TypeError: 'NoneType' object cannot be interpreted as an integer

# Question 3

Now that you've seen both charts side-by-side, you've realized it might be interesting to model them with an animation. However, you'd like to be able to compare the data for countries more easily across the scatter plots.

To do so, you will implement a callback function which is triggered whenever a point is hovered in one of the two scatter plots. The signature for this function is already started below. 

Complete the function so that whenever a point is hovered, the appropriate information is displayed in the table below the scatter plots. 

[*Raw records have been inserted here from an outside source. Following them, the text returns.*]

(* Let $\{G_n\}_{n\ge1}$ be a sequence of graphs with $|V(G_n)|\to\infty$ and $N(H,G_n)>0$ for all $n$, let $H$ be a fixed connected graph, and let $p_n\in(0,1)$ satisfy $\limsup_{n\to\infty}p_n<1$. Then the Horvitz–Thompson estimator $\hat N(H,G_n)$ is consistent for $N(H,G_n)$, i.e. $\hat N(H,G_n)/N(H,G_n)\to1$ in probability, if and only if for every $\varepsilon>0$, $$\lim_{n\to\infty}\frac{1}{N(H,G_n)}\sum_{\substack{A\subset V(G_n)\\ 1\le|A|\le|V(H)|}} t_H(A)\,\mathbf 1\{t_H(A)>\varepsilon\, p_n^{|A|}N(H,G_n)\}=0.$$
   Context: $G_n$ is a simple, labeled, undirected graph with vertex set $V(G_n)=\{1,\dots,|V(G_n)|\}$ and adjacency matrix $(a_{ij})$. $H=(V(H),E(H))$ is a fixed connected graph with $V(H)=\{1,\dots,|V(H)|\}$, and $|Aut(H)|$ is the number of its automorphisms. For $k\ge1$, $V(G_n)_k$ denotes the set of $k$-tuples $\mathbf s=(s_1,\dots,s_k)$ of distinct vertices of $G_n$, and $\bar{\mathbf s}$ the set of entries of $\mathbf s$. For $\mathbf s\in V(G_n)_{|V(H)|}$ let $M_H(\mathbf s)=\prod_{(i,j)\in E(H)}a_{s_is_j}$, and $N(H,G_n)=\frac1{|Aut(H)|}\sum_{\mathbf s\in V(G_n)_{|V(H)|}}M_H(\mathbf s)$ (the number of copies of $H$ in $G_n$). Subgraph sampling: $\{X_v\}_{v\in V(G_n)}$ are i.i.d. Bernoulli$(p_n)$, $X_{\mathbf s}=\prod_{u=1}^{|V(H)|}X_{s_u}$, $T(H,G_n)=\frac1{|Aut(H)|}\sum_{\mathbf s\in V(G_n)_{|V(H)|}}M_H(\mathbf s)X_{\mathbf s}$, and $\hat N(H,G_n)=p_n^{-|V(H)|}T(H,G_n)$. For $A\subset V(G_n)$ with $|A|\le|V(H)|$, the local count is $t_H(A)=\frac1{|Aut(H)|}\sum_{\mathbf s\in V(G_n)_{|V(H)|}:\,\bar{\mathbf s}\supseteq A}M_H(\mathbf s)$. *)

theory Defs
  imports "HOL-Probability.Probability" "HOL-Combinatorics.Permutations"
begin

definition simple_graph :: "nat \<Rightarrow> (nat \<Rightarrow> nat \<Rightarrow> bool) \<Rightarrow> bool" where
  "simple_graph m a \<longleftrightarrow> (\<forall>i\<in>{1..m}. \<forall>j\<in>{1..m}. (a i j \<longleftrightarrow> a j i) \<and> \<not> a i i)"

definition connected_graph :: "nat \<Rightarrow> (nat \<Rightarrow> nat \<Rightarrow> bool) \<Rightarrow> bool" where
  "connected_graph k h \<longleftrightarrow> simple_graph k h \<and> 1 \<le> k \<and>
     (\<forall>i\<in>{1..k}. \<forall>j\<in>{1..k}. (\<lambda>x y. x \<in> {1..k} \<and> y \<in> {1..k} \<and> h x y)\<^sup>*\<^sup>* i j)"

The title of the table should be the name of the country of the hovered point. Further, the table should contain the GDP and CO2 information for the years 2000 and 2015.

In [None]:
from dash.dependencies import Input, Output, State

In [None]:
@app.callback(
    [Output('country', 'children'), Output('2000-gdp', 'children'), Output('2000-co2', 'children'), Output('2015-gdp', 'children'), Output('2015-co2', 'children')],
    [Input('fig-2000', 'hoverData'), Input('fig-2015', 'hoverData')],
    [State('country', 'children'), State('2000-gdp', 'children'), State('2000-co2', 'children'), State('2015-gdp', 'children'), State('2015-co2', 'children')],
    prevent_initial_call=True)
def display_selected_data(hoverData2000, hoverData2015, prevCountry, prevgdp0, prevco20, prevgdp5, prevco25):
    ctx = dash.callback_context
    country_name = ctx.triggered[0]['value']['points'][0]['hovertext']
    country_id = ctx.triggered[0]['value']['points'][0]['pointIndex']  #the index in the figure follows the index in the dataframe

    gdp0 = df_2000["GDP"][country_id]
    co0 = df_2000["CO2"][country_id]
    gdp5 = df_2015["GDP"][country_id]
    co5 = df_2015["CO2"][country_id]

    return country_name, gdp0, co0, gdp5, co5

Run these next three cells to check your answer. You should see the table get filled when you hover a point in either scatter plot.

In [104]:
# Use this cell to check your answer
app.run_server(port=8053)

Dash app running on http://127.0.0.1:8053/


# Note for TA:
The app works as intended using the code written in this data exploration. We noticed that running the two servers on ports 8051 and 8052 as predefined in the notebook causes failure. We assume this may be due to Dash management of ports on MacOS. Since the application works as intended, we just ran one server instance for the notebook.

# Next steps

After this initial exploration step, you've decided you would like to implement this data visualization as a bubble chart with an animation to transition between the two years. You also would like to change the axes display to be log-scaled. You will reuse some of this code and complete the rest of the code provided with this TP to make these changes.